Extracted records:
____________

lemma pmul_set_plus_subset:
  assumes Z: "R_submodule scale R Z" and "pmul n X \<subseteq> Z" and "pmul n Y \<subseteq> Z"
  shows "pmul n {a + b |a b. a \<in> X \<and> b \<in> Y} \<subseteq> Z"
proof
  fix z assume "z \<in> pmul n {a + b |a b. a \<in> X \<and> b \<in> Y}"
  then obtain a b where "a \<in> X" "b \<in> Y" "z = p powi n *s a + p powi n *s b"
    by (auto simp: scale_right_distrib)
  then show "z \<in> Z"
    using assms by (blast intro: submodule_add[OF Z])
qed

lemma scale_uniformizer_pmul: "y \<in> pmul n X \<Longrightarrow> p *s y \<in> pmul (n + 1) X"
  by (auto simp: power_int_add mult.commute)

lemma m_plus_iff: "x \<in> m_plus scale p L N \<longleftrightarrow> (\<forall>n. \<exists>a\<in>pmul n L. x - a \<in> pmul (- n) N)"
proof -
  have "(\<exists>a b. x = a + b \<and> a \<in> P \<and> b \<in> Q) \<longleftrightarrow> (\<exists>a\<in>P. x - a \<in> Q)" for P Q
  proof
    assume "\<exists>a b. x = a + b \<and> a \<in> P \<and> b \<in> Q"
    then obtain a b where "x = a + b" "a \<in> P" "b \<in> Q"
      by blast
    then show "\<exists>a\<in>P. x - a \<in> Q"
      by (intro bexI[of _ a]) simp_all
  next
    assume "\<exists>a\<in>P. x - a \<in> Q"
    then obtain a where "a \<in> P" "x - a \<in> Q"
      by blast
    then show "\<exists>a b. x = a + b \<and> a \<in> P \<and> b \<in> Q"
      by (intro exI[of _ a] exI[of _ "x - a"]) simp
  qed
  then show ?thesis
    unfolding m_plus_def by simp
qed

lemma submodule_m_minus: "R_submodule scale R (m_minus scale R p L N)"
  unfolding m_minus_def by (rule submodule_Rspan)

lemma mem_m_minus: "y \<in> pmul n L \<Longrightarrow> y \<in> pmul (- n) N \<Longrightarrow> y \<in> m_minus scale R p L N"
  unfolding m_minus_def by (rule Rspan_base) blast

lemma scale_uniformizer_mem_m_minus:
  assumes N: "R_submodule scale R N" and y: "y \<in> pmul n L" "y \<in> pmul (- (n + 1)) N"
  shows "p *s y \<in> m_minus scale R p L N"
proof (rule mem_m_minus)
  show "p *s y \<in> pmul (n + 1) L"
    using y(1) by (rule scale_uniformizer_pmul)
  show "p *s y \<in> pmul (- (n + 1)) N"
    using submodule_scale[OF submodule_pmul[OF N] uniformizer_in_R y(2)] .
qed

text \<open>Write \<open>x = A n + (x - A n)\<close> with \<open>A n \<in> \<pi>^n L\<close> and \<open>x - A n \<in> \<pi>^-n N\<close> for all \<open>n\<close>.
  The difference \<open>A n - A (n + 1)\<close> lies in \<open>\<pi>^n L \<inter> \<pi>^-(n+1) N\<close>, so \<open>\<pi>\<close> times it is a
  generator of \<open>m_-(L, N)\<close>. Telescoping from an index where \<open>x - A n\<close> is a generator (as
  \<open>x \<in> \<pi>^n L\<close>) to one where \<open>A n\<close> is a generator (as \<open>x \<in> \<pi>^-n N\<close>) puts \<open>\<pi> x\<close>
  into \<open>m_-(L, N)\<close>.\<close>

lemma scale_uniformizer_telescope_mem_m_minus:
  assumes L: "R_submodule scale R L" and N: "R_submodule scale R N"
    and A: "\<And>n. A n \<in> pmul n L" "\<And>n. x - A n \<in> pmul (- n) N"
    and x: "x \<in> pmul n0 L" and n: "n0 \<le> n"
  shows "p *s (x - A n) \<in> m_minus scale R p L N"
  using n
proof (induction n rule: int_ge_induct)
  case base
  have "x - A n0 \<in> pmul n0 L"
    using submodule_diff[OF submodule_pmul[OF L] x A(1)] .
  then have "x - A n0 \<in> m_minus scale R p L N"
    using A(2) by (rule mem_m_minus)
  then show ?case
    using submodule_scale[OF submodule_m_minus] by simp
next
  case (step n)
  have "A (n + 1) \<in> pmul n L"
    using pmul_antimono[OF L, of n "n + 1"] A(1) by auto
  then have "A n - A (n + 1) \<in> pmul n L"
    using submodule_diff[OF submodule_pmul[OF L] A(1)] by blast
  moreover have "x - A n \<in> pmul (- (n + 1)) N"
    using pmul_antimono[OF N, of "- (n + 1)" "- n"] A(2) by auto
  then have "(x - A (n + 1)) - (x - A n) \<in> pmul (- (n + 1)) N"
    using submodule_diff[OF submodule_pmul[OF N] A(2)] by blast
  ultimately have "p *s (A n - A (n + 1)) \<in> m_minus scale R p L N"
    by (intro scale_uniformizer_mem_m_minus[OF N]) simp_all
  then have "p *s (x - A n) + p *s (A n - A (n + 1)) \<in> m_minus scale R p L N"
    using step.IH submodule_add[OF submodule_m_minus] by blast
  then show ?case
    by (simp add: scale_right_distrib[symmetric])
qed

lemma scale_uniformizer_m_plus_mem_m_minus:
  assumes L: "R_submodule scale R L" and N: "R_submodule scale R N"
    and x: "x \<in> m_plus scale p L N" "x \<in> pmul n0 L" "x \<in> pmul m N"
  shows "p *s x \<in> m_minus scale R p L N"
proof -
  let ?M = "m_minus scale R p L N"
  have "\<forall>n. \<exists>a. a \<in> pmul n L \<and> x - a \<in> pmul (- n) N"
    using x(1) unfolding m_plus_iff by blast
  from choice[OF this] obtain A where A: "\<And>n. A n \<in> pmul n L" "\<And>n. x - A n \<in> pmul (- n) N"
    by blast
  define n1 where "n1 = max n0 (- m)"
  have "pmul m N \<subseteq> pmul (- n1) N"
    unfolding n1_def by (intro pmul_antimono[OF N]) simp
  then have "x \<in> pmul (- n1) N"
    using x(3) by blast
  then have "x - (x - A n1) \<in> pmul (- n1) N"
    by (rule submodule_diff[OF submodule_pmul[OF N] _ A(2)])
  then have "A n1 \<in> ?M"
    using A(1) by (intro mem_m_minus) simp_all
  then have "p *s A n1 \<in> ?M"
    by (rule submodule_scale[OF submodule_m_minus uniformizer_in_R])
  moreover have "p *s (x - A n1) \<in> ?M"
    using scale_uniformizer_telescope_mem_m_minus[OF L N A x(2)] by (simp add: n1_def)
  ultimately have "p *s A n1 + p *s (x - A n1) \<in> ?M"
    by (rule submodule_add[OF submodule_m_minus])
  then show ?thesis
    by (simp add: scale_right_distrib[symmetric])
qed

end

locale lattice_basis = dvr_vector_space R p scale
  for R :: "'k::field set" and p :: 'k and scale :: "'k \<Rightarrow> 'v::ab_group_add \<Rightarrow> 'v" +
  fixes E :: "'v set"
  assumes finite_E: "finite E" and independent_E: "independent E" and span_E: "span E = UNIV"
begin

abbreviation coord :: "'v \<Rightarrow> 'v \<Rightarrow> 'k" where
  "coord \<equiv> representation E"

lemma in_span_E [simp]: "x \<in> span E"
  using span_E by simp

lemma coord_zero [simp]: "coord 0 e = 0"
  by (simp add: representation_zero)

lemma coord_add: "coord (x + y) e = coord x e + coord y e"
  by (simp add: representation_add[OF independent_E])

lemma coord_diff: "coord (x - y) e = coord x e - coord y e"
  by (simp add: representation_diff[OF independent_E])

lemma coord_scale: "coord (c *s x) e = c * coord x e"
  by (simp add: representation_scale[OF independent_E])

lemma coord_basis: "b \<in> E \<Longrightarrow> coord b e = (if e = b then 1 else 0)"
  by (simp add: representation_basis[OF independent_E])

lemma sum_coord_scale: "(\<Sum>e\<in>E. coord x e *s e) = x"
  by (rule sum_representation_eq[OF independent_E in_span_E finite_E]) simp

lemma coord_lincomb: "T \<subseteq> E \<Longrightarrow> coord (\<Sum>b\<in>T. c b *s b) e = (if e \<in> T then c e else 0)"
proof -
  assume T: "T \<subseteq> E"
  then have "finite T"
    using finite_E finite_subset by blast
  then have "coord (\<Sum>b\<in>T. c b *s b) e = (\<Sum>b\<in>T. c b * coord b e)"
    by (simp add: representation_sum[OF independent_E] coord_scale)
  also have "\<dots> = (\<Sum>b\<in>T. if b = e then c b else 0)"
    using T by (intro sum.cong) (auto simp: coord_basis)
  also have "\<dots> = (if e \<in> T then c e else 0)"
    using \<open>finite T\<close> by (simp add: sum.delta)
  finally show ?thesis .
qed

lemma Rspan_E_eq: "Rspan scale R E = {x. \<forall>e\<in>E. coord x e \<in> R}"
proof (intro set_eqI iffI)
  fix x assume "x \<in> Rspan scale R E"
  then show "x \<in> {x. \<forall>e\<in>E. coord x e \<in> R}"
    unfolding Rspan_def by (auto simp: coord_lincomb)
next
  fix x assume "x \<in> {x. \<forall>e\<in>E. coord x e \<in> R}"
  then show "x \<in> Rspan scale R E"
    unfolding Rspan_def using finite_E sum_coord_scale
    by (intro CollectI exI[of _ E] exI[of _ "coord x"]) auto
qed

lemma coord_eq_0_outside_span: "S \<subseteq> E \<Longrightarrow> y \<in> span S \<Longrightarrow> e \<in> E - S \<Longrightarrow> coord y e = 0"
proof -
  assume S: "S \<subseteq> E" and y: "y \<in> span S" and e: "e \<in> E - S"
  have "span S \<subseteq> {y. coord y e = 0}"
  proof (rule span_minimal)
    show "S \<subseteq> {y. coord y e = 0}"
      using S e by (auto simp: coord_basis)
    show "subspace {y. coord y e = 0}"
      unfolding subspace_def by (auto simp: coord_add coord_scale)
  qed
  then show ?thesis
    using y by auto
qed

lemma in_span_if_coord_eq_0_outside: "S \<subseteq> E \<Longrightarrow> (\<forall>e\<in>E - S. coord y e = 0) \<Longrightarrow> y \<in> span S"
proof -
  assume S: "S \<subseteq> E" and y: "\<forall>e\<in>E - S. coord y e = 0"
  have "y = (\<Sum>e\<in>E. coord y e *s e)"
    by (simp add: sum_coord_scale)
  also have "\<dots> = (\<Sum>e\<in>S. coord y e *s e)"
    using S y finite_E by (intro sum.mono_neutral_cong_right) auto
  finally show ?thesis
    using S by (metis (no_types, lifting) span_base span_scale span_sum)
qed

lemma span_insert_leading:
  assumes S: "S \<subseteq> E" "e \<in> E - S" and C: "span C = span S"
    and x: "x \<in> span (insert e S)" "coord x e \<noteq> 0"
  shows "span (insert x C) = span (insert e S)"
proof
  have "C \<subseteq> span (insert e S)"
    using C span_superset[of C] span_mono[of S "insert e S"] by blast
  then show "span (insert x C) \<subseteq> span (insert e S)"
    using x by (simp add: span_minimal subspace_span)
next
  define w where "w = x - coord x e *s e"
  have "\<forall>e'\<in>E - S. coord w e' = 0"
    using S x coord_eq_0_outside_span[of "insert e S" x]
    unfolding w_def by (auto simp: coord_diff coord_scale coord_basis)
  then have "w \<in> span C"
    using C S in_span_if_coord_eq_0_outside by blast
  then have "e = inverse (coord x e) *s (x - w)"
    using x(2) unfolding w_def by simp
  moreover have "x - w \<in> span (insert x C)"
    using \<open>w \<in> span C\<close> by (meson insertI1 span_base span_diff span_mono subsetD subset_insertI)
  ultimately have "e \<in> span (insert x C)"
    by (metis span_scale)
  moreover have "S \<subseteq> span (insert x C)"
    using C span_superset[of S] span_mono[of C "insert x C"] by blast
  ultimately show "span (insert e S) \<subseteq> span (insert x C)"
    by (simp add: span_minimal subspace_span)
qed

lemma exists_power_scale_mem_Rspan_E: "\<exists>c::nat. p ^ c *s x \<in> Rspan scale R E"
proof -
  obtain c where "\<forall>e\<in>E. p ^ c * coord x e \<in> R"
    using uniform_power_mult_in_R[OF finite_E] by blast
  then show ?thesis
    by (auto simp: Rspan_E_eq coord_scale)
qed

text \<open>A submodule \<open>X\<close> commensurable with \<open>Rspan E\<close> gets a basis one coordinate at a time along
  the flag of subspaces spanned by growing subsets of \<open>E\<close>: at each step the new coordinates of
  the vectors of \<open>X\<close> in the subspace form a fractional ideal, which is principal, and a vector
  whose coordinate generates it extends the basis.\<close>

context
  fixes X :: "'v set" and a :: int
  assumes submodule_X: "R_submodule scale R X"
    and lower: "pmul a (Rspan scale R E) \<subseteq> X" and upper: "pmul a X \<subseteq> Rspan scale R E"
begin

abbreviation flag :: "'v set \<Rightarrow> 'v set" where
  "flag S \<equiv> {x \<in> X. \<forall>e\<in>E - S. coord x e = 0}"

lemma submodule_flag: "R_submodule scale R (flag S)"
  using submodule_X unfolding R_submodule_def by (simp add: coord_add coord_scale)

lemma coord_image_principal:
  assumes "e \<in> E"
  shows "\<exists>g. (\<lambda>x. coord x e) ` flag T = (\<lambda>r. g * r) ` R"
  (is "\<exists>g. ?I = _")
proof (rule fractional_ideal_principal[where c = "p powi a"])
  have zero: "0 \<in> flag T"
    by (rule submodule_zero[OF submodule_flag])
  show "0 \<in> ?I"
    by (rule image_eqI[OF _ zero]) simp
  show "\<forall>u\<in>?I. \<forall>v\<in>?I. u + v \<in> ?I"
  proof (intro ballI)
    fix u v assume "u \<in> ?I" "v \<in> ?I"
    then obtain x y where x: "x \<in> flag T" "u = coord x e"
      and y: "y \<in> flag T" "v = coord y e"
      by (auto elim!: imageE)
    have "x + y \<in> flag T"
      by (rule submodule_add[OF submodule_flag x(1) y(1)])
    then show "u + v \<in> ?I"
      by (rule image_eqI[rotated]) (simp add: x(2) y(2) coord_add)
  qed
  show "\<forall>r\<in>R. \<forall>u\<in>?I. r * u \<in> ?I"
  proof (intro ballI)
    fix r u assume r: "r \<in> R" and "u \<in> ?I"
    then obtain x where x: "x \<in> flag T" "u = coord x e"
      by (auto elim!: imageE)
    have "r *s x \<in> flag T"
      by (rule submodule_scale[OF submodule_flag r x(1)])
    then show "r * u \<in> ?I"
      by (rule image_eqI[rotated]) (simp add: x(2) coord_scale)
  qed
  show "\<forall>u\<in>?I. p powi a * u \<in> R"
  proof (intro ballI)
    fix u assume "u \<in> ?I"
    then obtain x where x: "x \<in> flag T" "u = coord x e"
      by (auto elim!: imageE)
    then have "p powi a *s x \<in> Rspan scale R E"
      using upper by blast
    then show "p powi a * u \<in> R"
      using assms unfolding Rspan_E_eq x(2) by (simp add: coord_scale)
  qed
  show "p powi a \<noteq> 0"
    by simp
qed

____________

What the task asks: Output the records above exactly, from their first line through the line that contains "fix z assume", and add nothing.

Result:
lemma pmul_set_plus_subset:
  assumes Z: "R_submodule scale R Z" and "pmul n X \<subseteq> Z" and "pmul n Y \<subseteq> Z"
  shows "pmul n {a + b |a b. a \<in> X \<and> b \<in> Y} \<subseteq> Z"
proof
  fix z assume "z \<in> pmul n {a + b |a b. a \<in> X \<and> b \<in> Y}"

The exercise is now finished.